(* The function $D(\lambda)=\lambda\, s(\lambda)\,\underline{s}(\lambda)$ is decreasing and convex on $(\lambda^*,\infty)$.
   Context: $\mu$ and $\underline{\mu}$ are compactly supported probability measures on $[0,\infty)$ (the limiting spectral distributions of $\mathbf{N}\mathbf{N}^T$ and $\mathbf{N}^T\mathbf{N}$ for a $k\times l$ noise matrix $\mathbf{N}$, with $k/l\to\gamma$), and $\lambda^*>0$ denotes the right endpoint of the support of $\mu$, which also bounds the support of $\underline{\mu}$ (since $d\underline{\mu}=\gamma\,d\mu+(1-\gamma)\delta_0$). For real $\lambda>\lambda^*$, $s(\lambda)=\int\frac{d\mu(t)}{t-\lambda}$ and $\underline{s}(\lambda)=\int\frac{d\underline{\mu}(t)}{t-\lambda}$. *)

theory Defs
  imports "HOL-Probability.Probability"
begin

definition measure_support :: "real measure \<Rightarrow> real set" where
  "measure_support M = {x. \<forall>e>0. 0 < emeasure M (ball x e)}"

definition stieltjes :: "real measure \<Rightarrow> real \<Rightarrow> real" where
  "stieltjes M l = (\<integral>t. 1 / (t - l) \<partial>M)"

end

theory Submission
  imports Defs
begin

text \<open>Write \<open>D(l) = (- l s(l)) (- s_u(l))\<close>. For \<open>t \<in> [0, \<lambda>*]\<close> the kernels
  \<open>1 / (l - t)\<close> and \<open>l / (l - t) = 1 + t / (l - t)\<close> are positive, decreasing and convex in
  \<open>l > \<lambda>*\<close>, so both factors, being their integrals, inherit these properties (the second one
  strictly decreasing). A product of nonnegative, decreasing, convex functions is convex, because the
  two factors are similarly ordered. Only the support bounds of \<open>\<mu>\<close> and \<open>\<mu>u\<close> enter.\<close>

lemma null_sets_open_disjoint_support:
  assumes sets_M: "sets M = sets borel" and "open U" and disj: "U \<inter> measure_support M = {}"
  shows "U \<in> null_sets M"
proof -
  define F where "F = {ball x e | x e. x \<in> U \<and> 0 < e \<and> emeasure M (ball x e) = 0}"
  obtain F' where F': "F' \<subseteq> F" "countable F'" "\<Union>F' = \<Union>F"
    using Lindelof[of F] unfolding F_def by blast
  have cover: "U \<subseteq> \<Union>F"
  proof
    fix x assume "x \<in> U"
    then obtain e where "0 < e" "emeasure M (ball x e) = 0"
      using disj unfolding measure_support_def by (auto simp: zero_less_iff_neq_zero)
    with \<open>x \<in> U\<close> show "x \<in> \<Union>F"
      unfolding F_def by (intro UnionI[of "ball x e"]) auto
  qed
  have null: "(\<Union>B\<in>F'. B) \<in> null_sets M"
  proof (rule null_sets_UN')
    fix B assume "B \<in> F'"
    then obtain x e where "B = ball x e" "emeasure M (ball x e) = 0"
      using F'(1) unfolding F_def by blast
    then show "B \<in> null_sets M"
      using sets_M by (simp add: null_setsI)
  qed fact
  have "U \<in> sets M"
    using sets_M \<open>open U\<close> by simp
  show ?thesis
    using null_sets_subset[OF null \<open>U \<in> sets M\<close>] cover F'(3) by simp
qed

lemma AE_in_closed_superset_support:
  assumes "sets M = sets borel" and "closed S" and "measure_support M \<subseteq> S"
  shows "AE t in M. t \<in> S"
proof -
  have "- S \<in> null_sets M"
    using assms by (intro null_sets_open_disjoint_support) auto
  then show ?thesis
    by (rule AE_not_in[THEN eventually_mono]) simp
qed

lemma integrable_inverse_shift:
  fixes l L :: real
  assumes "finite_measure M" and sets_M: "sets M = sets borel"
    and AE: "AE t in M. t \<le> L" and "L < l"
  shows "integrable M (\<lambda>t. 1 / (l - t))"
proof (rule Bochner_Integration.integrable_bound)
  show "integrable M (\<lambda>_. 1 / (l - L))"
    using \<open>finite_measure M\<close> by (rule finite_measure.integrable_const)
  show "(\<lambda>t. 1 / (l - t)) \<in> borel_measurable M"
    unfolding measurable_cong_sets[OF sets_M refl] by measurable
  show "AE t in M. norm (1 / (l - t)) \<le> norm (1 / (l - L))"
    using AE by eventually_elim (use \<open>L < l\<close> in \<open>auto intro!: divide_left_mono\<close>)
qed

lemma convex_on_cong:
  assumes "\<And>x. x \<in> S \<Longrightarrow> f x = g x"
  shows "convex_on S f \<longleftrightarrow> convex_on S g"
  unfolding convex_on_def using assms by (metis (no_types, lifting) convexD)

lemma convex_on_inverse_shift: "convex_on {a<..} (\<lambda>l::real. 1 / (l - a))"
proof (rule convex_onI)
  fix s x y :: real assume s: "0 < s" "s < 1" and xy: "x \<in> {a<..}" "y \<in> {a<..}"
  have "inverse ((1 - s) *\<^sub>R (x - a) + s *\<^sub>R (y - a)) \<le> (1 - s) * inverse (x - a) + s * inverse (y - a)"
    using s xy by (intro convex_onD[OF convex_on_inverse[of "{0<..}"]]) auto
  then show "1 / ((1 - s) *\<^sub>R x + s *\<^sub>R y - a) \<le> (1 - s) * (1 / (x - a)) + s * (1 / (y - a))"
    by (simp add: divide_inverse algebra_simps)
qed simp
# # #
- **Action item**
Give back all the records above exactly. Keep every word.

- **Solution below**
(* The function $D(\lambda)=\lambda\, s(\lambda)\,\underline{s}(\lambda)$ is decreasing and convex on $(\lambda^*,\infty)$.
   Context: $\mu$ and $\underline{\mu}$ are compactly supported probability measures on $[0,\infty)$ (the limiting spectral distributions of $\mathbf{N}\mathbf{N}^T$ and $\mathbf{N}^T\mathbf{N}$ for a $k\times l$ noise matrix $\mathbf{N}$, with $k/l\to\gamma$), and $\lambda^*>0$ denotes the right endpoint of the support of $\mu$, which also bounds the support of $\underline{\mu}$ (since $d\underline{\mu}=\gamma\,d\mu+(1-\gamma)\delta_0$). For real $\lambda>\lambda^*$, $s(\lambda)=\int\frac{d\mu(t)}{t-\lambda}$ and $\underline{s}(\lambda)=\int\frac{d\underline{\mu}(t)}{t-\lambda}$. *)

theory Defs
  imports "HOL-Probability.Probability"
begin

definition measure_support :: "real measure \<Rightarrow> real set" where
  "measure_support M = {x. \<forall>e>0. 0 < emeasure M (ball x e)}"

definition stieltjes :: "real measure \<Rightarrow> real \<Rightarrow> real" where
  "stieltjes M l = (\<integral>t. 1 / (t - l) \<partial>M)"

end

theory Submission
  imports Defs
begin

text \<open>Write \<open>D(l) = (- l s(l)) (- s_u(l))\<close>. For \<open>t \<in> [0, \<lambda>*]\<close> the kernels
  \<open>1 / (l - t)\<close> and \<open>l / (l - t) = 1 + t / (l - t)\<close> are positive, decreasing and convex in
  \<open>l > \<lambda>*\<close>, so both factors, being their integrals, inherit these properties (the second one
  strictly decreasing). A product of nonnegative, decreasing, convex functions is convex, because the
  two factors are similarly ordered. Only the support bounds of \<open>\<mu>\<close> and \<open>\<mu>u\<close> enter.\<close>

lemma null_sets_open_disjoint_support:
  assumes sets_M: "sets M = sets borel" and "open U" and disj: "U \<inter> measure_support M = {}"
  shows "U \<in> null_sets M"
proof -
  define F where "F = {ball x e | x e. x \<in> U \<and> 0 < e \<and> emeasure M (ball x e) = 0}"
  obtain F' where F': "F' \<subseteq> F" "countable F'" "\<Union>F' = \<Union>F"
    using Lindelof[of F] unfolding F_def by blast
  have cover: "U \<subseteq> \<Union>F"
  proof
    fix x assume "x \<in> U"
    then obtain e where "0 < e" "emeasure M (ball x e) = 0"
      using disj unfolding measure_support_def by (auto simp: zero_less_iff_neq_zero)
    with \<open>x \<in> U\<close> show "x \<in> \<Union>F"
      unfolding F_def by (intro UnionI[of "ball x e"]) auto
  qed
  have null: "(\<Union>B\<in>F'. B) \<in> null_sets M"
  proof (rule null_sets_UN')
    fix B assume "B \<in> F'"
    then obtain x e where "B = ball x e" "emeasure M (ball x e) = 0"
      using F'(1) unfolding F_def by blast
    then show "B \<in> null_sets M"
      using sets_M by (simp add: null_setsI)
  qed fact
  have "U \<in> sets M"
    using sets_M \<open>open U\<close> by simp
  show ?thesis
    using null_sets_subset[OF null \<open>U \<in> sets M\<close>] cover F'(3) by simp
qed

lemma AE_in_closed_superset_support:
  assumes "sets M = sets borel" and "closed S" and "measure_support M \<subseteq> S"
  shows "AE t in M. t \<in> S"
proof -
  have "- S \<in> null_sets M"
    using assms by (intro null_sets_open_disjoint_support) auto
  then show ?thesis
    by (rule AE_not_in[THEN eventually_mono]) simp
qed

lemma integrable_inverse_shift:
  fixes l L :: real
  assumes "finite_measure M" and sets_M: "sets M = sets borel"
    and AE: "AE t in M. t \<le> L" and "L < l"
  shows "integrable M (\<lambda>t. 1 / (l - t))"
proof (rule Bochner_Integration.integrable_bound)
  show "integrable M (\<lambda>_. 1 / (l - L))"
    using \<open>finite_measure M\<close> by (rule finite_measure.integrable_const)
  show "(\<lambda>t. 1 / (l - t)) \<in> borel_measurable M"
    unfolding measurable_cong_sets[OF sets_M refl] by measurable
  show "AE t in M. norm (1 / (l - t)) \<le> norm (1 / (l - L))"
    using AE by eventually_elim (use \<open>L < l\<close> in \<open>auto intro!: divide_left_mono\<close>)
qed

lemma convex_on_cong:
  assumes "\<And>x. x \<in> S \<Longrightarrow> f x = g x"
  shows "convex_on S f \<longleftrightarrow> convex_on S g"
  unfolding convex_on_def using assms by (metis (no_types, lifting) convexD)

lemma convex_on_inverse_shift: "convex_on {a<..} (\<lambda>l::real. 1 / (l - a))"
proof (rule convex_onI)
  fix s x y :: real assume s: "0 < s" "s < 1" and xy: "x \<in> {a<..}" "y \<in> {a<..}"
  have "inverse ((1 - s) *\<^sub>R (x - a) + s *\<^sub>R (y - a)) \<le> (1 - s) * inverse (x - a) + s * inverse (y - a)"
    using s xy by (intro convex_onD[OF convex_on_inverse[of "{0<..}"]]) auto
  then show "1 / ((1 - s) *\<^sub>R x + s *\<^sub>R y - a) \<le> (1 - s) * (1 / (x - a)) + s * (1 / (y - a))"
    by (simp add: divide_inverse algebra_simps)
qed simp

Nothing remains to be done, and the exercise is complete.